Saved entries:
===

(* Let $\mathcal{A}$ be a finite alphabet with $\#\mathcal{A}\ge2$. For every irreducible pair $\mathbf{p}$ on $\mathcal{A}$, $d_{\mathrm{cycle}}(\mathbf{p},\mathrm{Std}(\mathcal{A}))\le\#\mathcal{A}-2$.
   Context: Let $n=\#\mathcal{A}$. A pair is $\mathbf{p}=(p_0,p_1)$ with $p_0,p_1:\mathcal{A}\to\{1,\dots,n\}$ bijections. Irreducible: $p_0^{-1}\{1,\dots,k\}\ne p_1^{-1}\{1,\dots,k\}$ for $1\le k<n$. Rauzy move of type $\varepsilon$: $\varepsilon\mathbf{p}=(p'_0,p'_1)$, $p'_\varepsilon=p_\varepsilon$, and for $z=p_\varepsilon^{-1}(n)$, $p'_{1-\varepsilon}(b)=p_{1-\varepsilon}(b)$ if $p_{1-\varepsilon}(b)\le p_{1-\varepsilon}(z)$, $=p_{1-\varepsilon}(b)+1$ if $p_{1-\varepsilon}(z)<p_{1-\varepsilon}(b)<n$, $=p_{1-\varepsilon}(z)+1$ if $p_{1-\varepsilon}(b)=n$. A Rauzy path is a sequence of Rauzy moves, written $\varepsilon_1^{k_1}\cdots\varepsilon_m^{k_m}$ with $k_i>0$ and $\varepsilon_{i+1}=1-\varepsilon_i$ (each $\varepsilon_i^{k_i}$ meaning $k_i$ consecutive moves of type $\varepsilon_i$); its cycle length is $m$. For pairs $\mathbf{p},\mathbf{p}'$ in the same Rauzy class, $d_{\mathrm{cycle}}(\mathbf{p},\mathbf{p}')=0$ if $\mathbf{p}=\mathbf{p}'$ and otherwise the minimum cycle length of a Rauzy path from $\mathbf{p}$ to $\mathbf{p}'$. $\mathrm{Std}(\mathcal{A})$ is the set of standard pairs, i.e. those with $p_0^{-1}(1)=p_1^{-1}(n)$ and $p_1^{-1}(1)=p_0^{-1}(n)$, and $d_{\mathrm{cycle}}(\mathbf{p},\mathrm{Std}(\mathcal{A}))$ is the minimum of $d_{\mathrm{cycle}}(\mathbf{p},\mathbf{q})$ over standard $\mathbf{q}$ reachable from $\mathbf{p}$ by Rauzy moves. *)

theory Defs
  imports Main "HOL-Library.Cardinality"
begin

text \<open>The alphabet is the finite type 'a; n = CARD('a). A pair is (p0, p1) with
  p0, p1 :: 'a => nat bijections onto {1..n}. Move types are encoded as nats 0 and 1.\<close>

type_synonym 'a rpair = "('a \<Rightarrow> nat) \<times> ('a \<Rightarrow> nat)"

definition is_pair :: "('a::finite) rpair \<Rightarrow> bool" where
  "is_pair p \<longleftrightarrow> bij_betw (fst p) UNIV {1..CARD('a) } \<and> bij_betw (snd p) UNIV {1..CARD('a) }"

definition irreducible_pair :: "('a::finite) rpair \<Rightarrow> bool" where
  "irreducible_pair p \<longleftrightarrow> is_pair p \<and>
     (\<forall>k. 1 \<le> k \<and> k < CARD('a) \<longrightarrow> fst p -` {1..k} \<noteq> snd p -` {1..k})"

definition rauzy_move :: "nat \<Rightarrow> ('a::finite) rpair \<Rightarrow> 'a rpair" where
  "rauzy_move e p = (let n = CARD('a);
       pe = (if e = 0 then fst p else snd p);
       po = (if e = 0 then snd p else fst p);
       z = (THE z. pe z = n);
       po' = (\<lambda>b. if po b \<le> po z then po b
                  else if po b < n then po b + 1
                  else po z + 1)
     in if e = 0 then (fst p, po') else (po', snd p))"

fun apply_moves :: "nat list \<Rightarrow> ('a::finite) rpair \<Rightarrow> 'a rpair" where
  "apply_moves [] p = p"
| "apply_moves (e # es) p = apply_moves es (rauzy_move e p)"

===

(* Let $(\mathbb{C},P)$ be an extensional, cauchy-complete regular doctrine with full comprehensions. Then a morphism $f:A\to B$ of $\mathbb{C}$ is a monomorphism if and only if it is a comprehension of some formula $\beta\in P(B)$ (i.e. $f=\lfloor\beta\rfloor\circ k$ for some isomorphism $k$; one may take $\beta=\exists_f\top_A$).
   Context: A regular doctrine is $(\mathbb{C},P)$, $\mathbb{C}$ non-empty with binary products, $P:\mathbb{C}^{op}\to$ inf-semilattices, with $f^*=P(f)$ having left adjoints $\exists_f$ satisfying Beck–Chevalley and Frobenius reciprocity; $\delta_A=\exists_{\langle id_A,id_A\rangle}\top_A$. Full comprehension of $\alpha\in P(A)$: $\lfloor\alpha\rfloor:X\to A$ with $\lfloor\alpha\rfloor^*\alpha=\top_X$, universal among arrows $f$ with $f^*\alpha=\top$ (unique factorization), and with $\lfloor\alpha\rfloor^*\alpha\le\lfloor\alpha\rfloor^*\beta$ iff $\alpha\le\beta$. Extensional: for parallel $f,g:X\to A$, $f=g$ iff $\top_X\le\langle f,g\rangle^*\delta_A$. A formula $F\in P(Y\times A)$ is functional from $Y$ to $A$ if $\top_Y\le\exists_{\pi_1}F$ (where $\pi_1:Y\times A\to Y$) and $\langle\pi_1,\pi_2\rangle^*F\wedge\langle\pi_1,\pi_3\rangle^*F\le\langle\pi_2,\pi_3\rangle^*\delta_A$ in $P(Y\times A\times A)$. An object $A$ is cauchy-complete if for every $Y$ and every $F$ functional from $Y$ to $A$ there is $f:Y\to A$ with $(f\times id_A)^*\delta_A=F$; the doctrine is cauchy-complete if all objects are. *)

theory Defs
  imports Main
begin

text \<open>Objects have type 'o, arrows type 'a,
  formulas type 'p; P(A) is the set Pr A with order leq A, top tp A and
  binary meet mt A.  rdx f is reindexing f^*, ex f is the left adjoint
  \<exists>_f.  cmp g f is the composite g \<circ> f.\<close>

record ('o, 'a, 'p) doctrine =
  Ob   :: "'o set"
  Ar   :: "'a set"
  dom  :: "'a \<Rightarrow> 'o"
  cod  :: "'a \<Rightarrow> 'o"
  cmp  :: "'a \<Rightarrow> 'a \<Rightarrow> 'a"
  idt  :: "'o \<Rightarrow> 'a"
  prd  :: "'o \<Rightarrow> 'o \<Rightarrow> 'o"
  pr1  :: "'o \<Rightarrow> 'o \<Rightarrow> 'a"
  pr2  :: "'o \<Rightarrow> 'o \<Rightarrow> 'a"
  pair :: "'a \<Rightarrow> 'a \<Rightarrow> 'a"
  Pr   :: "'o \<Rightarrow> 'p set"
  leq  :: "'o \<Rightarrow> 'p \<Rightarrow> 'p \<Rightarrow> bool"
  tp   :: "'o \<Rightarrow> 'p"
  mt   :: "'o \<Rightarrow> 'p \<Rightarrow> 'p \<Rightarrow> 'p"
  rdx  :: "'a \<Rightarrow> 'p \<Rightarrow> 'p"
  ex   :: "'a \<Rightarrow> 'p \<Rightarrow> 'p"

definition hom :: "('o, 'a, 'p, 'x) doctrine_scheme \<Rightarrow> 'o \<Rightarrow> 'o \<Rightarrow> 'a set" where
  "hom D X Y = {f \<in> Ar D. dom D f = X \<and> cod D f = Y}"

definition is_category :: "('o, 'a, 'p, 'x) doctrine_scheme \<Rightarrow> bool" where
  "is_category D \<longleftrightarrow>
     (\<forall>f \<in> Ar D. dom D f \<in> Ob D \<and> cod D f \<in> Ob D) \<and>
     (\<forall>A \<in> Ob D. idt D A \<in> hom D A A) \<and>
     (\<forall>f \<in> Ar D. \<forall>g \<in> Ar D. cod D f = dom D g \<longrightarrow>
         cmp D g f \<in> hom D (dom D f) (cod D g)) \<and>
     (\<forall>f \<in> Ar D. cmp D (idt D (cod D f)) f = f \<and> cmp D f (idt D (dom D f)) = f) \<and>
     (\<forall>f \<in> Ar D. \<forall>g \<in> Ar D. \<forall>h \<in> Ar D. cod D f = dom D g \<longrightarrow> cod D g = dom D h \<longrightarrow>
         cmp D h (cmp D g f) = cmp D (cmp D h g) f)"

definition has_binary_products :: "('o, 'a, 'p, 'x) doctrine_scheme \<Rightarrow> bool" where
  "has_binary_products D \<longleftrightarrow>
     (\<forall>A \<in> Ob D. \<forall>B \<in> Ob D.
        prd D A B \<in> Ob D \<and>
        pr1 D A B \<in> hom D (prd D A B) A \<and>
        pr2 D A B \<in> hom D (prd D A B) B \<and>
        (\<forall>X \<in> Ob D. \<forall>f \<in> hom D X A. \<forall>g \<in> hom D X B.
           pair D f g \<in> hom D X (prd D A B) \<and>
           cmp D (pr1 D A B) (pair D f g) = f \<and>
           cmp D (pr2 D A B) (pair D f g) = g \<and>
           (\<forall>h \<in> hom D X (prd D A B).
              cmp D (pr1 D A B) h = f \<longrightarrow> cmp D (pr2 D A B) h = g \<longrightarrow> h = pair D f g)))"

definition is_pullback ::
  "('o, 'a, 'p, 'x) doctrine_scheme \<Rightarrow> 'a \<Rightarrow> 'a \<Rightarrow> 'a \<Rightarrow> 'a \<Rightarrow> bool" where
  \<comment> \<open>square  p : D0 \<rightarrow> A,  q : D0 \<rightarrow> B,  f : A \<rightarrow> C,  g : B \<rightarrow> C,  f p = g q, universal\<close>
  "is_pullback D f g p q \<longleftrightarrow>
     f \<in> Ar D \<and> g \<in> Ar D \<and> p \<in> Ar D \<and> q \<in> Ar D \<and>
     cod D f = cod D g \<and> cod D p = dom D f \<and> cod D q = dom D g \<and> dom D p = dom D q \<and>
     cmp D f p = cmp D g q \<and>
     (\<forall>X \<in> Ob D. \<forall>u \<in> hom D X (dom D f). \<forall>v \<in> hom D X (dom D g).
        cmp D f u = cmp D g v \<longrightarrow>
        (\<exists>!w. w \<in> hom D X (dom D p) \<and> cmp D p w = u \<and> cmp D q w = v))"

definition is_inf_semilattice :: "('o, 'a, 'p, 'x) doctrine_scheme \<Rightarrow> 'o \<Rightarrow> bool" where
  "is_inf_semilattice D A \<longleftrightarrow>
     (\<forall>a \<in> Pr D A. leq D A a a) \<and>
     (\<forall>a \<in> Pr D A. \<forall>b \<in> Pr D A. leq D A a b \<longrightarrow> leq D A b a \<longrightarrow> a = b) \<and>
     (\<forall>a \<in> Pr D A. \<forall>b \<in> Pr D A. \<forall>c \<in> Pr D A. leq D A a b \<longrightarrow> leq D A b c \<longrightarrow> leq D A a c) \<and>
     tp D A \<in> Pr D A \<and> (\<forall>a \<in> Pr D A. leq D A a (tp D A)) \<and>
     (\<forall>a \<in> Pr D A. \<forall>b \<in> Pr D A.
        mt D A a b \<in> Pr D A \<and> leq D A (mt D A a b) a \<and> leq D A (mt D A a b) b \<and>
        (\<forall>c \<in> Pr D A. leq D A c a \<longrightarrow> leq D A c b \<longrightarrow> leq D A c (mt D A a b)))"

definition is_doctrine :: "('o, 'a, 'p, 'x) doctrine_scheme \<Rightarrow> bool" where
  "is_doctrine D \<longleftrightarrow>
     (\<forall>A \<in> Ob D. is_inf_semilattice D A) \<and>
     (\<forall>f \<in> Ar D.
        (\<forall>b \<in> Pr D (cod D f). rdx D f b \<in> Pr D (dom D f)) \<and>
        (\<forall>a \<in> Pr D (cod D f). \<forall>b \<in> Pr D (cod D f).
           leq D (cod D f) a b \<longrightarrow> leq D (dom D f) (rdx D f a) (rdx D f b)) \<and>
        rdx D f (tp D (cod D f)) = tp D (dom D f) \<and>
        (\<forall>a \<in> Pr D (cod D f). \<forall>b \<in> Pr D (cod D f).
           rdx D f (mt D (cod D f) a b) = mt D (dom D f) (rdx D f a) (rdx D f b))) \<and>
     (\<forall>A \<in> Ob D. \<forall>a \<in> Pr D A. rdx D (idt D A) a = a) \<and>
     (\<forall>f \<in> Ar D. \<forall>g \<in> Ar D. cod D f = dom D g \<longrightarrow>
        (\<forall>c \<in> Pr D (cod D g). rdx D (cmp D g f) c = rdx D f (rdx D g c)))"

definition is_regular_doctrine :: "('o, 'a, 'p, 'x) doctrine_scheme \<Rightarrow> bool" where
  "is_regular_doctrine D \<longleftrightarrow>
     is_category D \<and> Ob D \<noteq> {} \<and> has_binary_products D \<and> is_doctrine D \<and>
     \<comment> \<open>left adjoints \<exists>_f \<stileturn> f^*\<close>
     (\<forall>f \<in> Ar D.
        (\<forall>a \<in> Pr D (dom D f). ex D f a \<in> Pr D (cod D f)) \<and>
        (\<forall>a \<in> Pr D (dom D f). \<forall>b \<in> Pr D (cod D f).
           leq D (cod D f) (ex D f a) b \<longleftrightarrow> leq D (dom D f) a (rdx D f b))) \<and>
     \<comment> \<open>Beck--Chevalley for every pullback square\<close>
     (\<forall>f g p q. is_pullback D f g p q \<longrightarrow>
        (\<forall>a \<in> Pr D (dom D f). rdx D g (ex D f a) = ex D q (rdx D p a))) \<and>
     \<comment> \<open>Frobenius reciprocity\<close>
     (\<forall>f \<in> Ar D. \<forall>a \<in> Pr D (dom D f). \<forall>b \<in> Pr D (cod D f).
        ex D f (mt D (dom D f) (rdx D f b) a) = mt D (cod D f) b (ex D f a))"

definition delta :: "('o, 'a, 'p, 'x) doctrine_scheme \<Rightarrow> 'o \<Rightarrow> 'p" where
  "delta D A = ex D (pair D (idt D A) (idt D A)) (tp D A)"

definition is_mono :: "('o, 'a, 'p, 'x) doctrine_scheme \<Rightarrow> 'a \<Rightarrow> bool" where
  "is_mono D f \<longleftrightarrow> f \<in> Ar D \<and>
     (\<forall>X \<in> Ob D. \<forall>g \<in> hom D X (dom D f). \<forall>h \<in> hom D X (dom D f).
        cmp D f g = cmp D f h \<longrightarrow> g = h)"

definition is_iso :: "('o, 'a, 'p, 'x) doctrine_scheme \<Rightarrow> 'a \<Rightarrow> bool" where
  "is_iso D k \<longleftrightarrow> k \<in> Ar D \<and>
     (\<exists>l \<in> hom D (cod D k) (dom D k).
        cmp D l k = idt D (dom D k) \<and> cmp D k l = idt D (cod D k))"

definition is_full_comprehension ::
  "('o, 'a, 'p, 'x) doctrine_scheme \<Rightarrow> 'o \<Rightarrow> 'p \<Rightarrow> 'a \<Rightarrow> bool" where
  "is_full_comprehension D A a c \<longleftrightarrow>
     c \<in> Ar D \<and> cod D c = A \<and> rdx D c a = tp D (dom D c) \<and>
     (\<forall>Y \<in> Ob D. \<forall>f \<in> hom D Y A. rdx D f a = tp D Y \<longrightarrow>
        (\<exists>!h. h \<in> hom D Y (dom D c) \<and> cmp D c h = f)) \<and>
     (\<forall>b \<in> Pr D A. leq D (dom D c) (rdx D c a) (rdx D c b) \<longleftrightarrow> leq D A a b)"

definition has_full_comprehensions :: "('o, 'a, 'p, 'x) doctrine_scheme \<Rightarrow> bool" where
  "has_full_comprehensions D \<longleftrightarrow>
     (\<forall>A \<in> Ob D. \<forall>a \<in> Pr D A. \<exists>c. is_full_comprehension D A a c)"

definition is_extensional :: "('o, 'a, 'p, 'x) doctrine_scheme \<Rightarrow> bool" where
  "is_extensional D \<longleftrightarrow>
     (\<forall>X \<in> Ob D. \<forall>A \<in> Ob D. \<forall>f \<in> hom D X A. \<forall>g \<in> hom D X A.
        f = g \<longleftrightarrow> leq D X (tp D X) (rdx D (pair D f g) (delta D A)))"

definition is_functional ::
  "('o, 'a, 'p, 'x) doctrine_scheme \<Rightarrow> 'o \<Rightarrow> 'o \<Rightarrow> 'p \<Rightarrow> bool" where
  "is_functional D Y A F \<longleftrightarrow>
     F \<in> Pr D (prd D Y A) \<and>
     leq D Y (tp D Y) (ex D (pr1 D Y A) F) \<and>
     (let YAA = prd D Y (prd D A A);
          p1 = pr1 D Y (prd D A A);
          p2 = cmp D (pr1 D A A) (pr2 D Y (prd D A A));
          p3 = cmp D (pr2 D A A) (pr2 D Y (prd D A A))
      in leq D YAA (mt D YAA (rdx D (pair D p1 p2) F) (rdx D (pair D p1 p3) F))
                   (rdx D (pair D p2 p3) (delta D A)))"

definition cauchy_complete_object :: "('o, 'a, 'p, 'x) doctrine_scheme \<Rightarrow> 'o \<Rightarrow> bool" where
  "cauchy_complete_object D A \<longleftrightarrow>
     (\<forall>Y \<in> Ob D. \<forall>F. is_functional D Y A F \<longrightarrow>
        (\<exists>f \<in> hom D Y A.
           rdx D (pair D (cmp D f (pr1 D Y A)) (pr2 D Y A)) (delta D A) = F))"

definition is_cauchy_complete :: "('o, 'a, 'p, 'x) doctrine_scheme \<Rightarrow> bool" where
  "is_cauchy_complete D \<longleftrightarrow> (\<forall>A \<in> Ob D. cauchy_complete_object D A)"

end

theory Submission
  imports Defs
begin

===

TRY IT: Where the data above reaches the line holding "be a finite", begin printing, and stop after the line holding "p0, p1 :: 'a". Each line must be reproduced exactly, with nothing else added.

WORKED SOLUTION:
(* Let $\mathcal{A}$ be a finite alphabet with $\#\mathcal{A}\ge2$. For every irreducible pair $\mathbf{p}$ on $\mathcal{A}$, $d_{\mathrm{cycle}}(\mathbf{p},\mathrm{Std}(\mathcal{A}))\le\#\mathcal{A}-2$.
   Context: Let $n=\#\mathcal{A}$. A pair is $\mathbf{p}=(p_0,p_1)$ with $p_0,p_1:\mathcal{A}\to\{1,\dots,n\}$ bijections. Irreducible: $p_0^{-1}\{1,\dots,k\}\ne p_1^{-1}\{1,\dots,k\}$ for $1\le k<n$. Rauzy move of type $\varepsilon$: $\varepsilon\mathbf{p}=(p'_0,p'_1)$, $p'_\varepsilon=p_\varepsilon$, and for $z=p_\varepsilon^{-1}(n)$, $p'_{1-\varepsilon}(b)=p_{1-\varepsilon}(b)$ if $p_{1-\varepsilon}(b)\le p_{1-\varepsilon}(z)$, $=p_{1-\varepsilon}(b)+1$ if $p_{1-\varepsilon}(z)<p_{1-\varepsilon}(b)<n$, $=p_{1-\varepsilon}(z)+1$ if $p_{1-\varepsilon}(b)=n$. A Rauzy path is a sequence of Rauzy moves, written $\varepsilon_1^{k_1}\cdots\varepsilon_m^{k_m}$ with $k_i>0$ and $\varepsilon_{i+1}=1-\varepsilon_i$ (each $\varepsilon_i^{k_i}$ meaning $k_i$ consecutive moves of type $\varepsilon_i$); its cycle length is $m$. For pairs $\mathbf{p},\mathbf{p}'$ in the same Rauzy class, $d_{\mathrm{cycle}}(\mathbf{p},\mathbf{p}')=0$ if $\mathbf{p}=\mathbf{p}'$ and otherwise the minimum cycle length of a Rauzy path from $\mathbf{p}$ to $\mathbf{p}'$. $\mathrm{Std}(\mathcal{A})$ is the set of standard pairs, i.e. those with $p_0^{-1}(1)=p_1^{-1}(n)$ and $p_1^{-1}(1)=p_0^{-1}(n)$, and $d_{\mathrm{cycle}}(\mathbf{p},\mathrm{Std}(\mathcal{A}))$ is the minimum of $d_{\mathrm{cycle}}(\mathbf{p},\mathbf{q})$ over standard $\mathbf{q}$ reachable from $\mathbf{p}$ by Rauzy moves. *)

theory Defs
  imports Main "HOL-Library.Cardinality"
begin

text \<open>The alphabet is the finite type 'a; n = CARD('a). A pair is (p0, p1) with
  p0, p1 :: 'a => nat bijections onto {1..n}. Move types are encoded as nats 0 and 1.\<close>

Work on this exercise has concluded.